> **Given information**:
+-------+

lemma source_set_within_pred_closed:
  assumes dg: "digraph V A" and QV: "Q \<subseteq> V" and q: "q \<in> Q"
    and closed: "A\<inverse> `` Q \<subseteq> Q"
  obtains S where "source_set V A S" "S \<subseteq> Q"
proof -
  define anc where "anc u = {z. (z, u) \<in> A\<^sup>*}" for u
  have anc_Q: "anc u \<subseteq> Q" if "u \<in> Q" for u
  proof
    fix z assume "z \<in> anc u"
    then have "(z, u) \<in> A\<^sup>*" by (simp add: anc_def)
    then show "z \<in> Q" using that closed by (induction rule: converse_rtrancl_induct) blast+
  qed
  have fin: "finite (anc u)" if "u \<in> Q" for u
    using finite_subset[OF subset_trans[OF anc_Q[OF that] QV]] dg by (simp add: digraph_def)
  obtain u where u: "u \<in> Q" "\<And>v. v \<in> Q \<Longrightarrow> card (anc u) \<le> card (anc v)"
    using ex_has_least_nat[of "\<lambda>v. v \<in> Q" q "\<lambda>v. card (anc v)"] q by blast
  \<comment> \<open>\<open>u\<close> has the fewest ancestors, so every ancestor of \<open>u\<close> is reachable from \<open>u\<close>.\<close>
  have minimal: "(u, z) \<in> A\<^sup>*" if "(z, u) \<in> A\<^sup>*" for z
  proof -
    have zQ: "z \<in> Q" using anc_Q[OF u(1)] that by (auto simp: anc_def)
    have sub: "anc z \<subseteq> anc u" using that by (auto simp: anc_def)
    then have "anc z = anc u" using card_subset_eq[OF fin[OF u(1)] sub] u(2)[OF zQ]
      card_mono[OF fin[OF u(1)] sub] by linarith
    then show ?thesis by (auto simp: anc_def)
  qed
  define S where "S = {w \<in> V. (u, w) \<in> A\<^sup>* \<and> (w, u) \<in> A\<^sup>*}"
  have "scc V A S" using u(1) QV unfolding scc_def S_def by blast
  moreover have "in_nbhd V A S = {}"
  proof -
    have "x \<in> S" if "x \<in> V" "(x, y) \<in> A" "y \<in> S" for x y
    proof -
      have "(x, u) \<in> A\<^sup>*" using that(2,3) by (auto simp: S_def intro: converse_rtrancl_into_rtrancl)
      then show ?thesis using minimal that(1) by (simp add: S_def)
    qed
    then show ?thesis by (auto simp: in_nbhd_def)
  qed
  moreover have "S \<subseteq> Q" using anc_Q[OF u(1)] by (auto simp: S_def anc_def)
  ultimately show ?thesis using that by (simp add: source_set_def)
qed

+-------+

> **Work instruction**: Line by line, reproduce the material exactly.

> **Solution for this task**:
lemma source_set_within_pred_closed:
  assumes dg: "digraph V A" and QV: "Q \<subseteq> V" and q: "q \<in> Q"
    and closed: "A\<inverse> `` Q \<subseteq> Q"
  obtains S where "source_set V A S" "S \<subseteq> Q"
proof -
  define anc where "anc u = {z. (z, u) \<in> A\<^sup>*}" for u
  have anc_Q: "anc u \<subseteq> Q" if "u \<in> Q" for u
  proof
    fix z assume "z \<in> anc u"
    then have "(z, u) \<in> A\<^sup>*" by (simp add: anc_def)
    then show "z \<in> Q" using that closed by (induction rule: converse_rtrancl_induct) blast+
  qed
  have fin: "finite (anc u)" if "u \<in> Q" for u
    using finite_subset[OF subset_trans[OF anc_Q[OF that] QV]] dg by (simp add: digraph_def)
  obtain u where u: "u \<in> Q" "\<And>v. v \<in> Q \<Longrightarrow> card (anc u) \<le> card (anc v)"
    using ex_has_least_nat[of "\<lambda>v. v \<in> Q" q "\<lambda>v. card (anc v)"] q by blast
  \<comment> \<open>\<open>u\<close> has the fewest ancestors, so every ancestor of \<open>u\<close> is reachable from \<open>u\<close>.\<close>
  have minimal: "(u, z) \<in> A\<^sup>*" if "(z, u) \<in> A\<^sup>*" for z
  proof -
    have zQ: "z \<in> Q" using anc_Q[OF u(1)] that by (auto simp: anc_def)
    have sub: "anc z \<subseteq> anc u" using that by (auto simp: anc_def)
    then have "anc z = anc u" using card_subset_eq[OF fin[OF u(1)] sub] u(2)[OF zQ]
      card_mono[OF fin[OF u(1)] sub] by linarith
    then show ?thesis by (auto simp: anc_def)
  qed
  define S where "S = {w \<in> V. (u, w) \<in> A\<^sup>* \<and> (w, u) \<in> A\<^sup>*}"
  have "scc V A S" using u(1) QV unfolding scc_def S_def by blast
  moreover have "in_nbhd V A S = {}"
  proof -
    have "x \<in> S" if "x \<in> V" "(x, y) \<in> A" "y \<in> S" for x y
    proof -
      have "(x, u) \<in> A\<^sup>*" using that(2,3) by (auto simp: S_def intro: converse_rtrancl_into_rtrancl)
      then show ?thesis using minimal that(1) by (simp add: S_def)
    qed
    then show ?thesis by (auto simp: in_nbhd_def)
  qed
  moreover have "S \<subseteq> Q" using anc_Q[OF u(1)] by (auto simp: S_def anc_def)
  ultimately show ?thesis using that by (simp add: source_set_def)
qed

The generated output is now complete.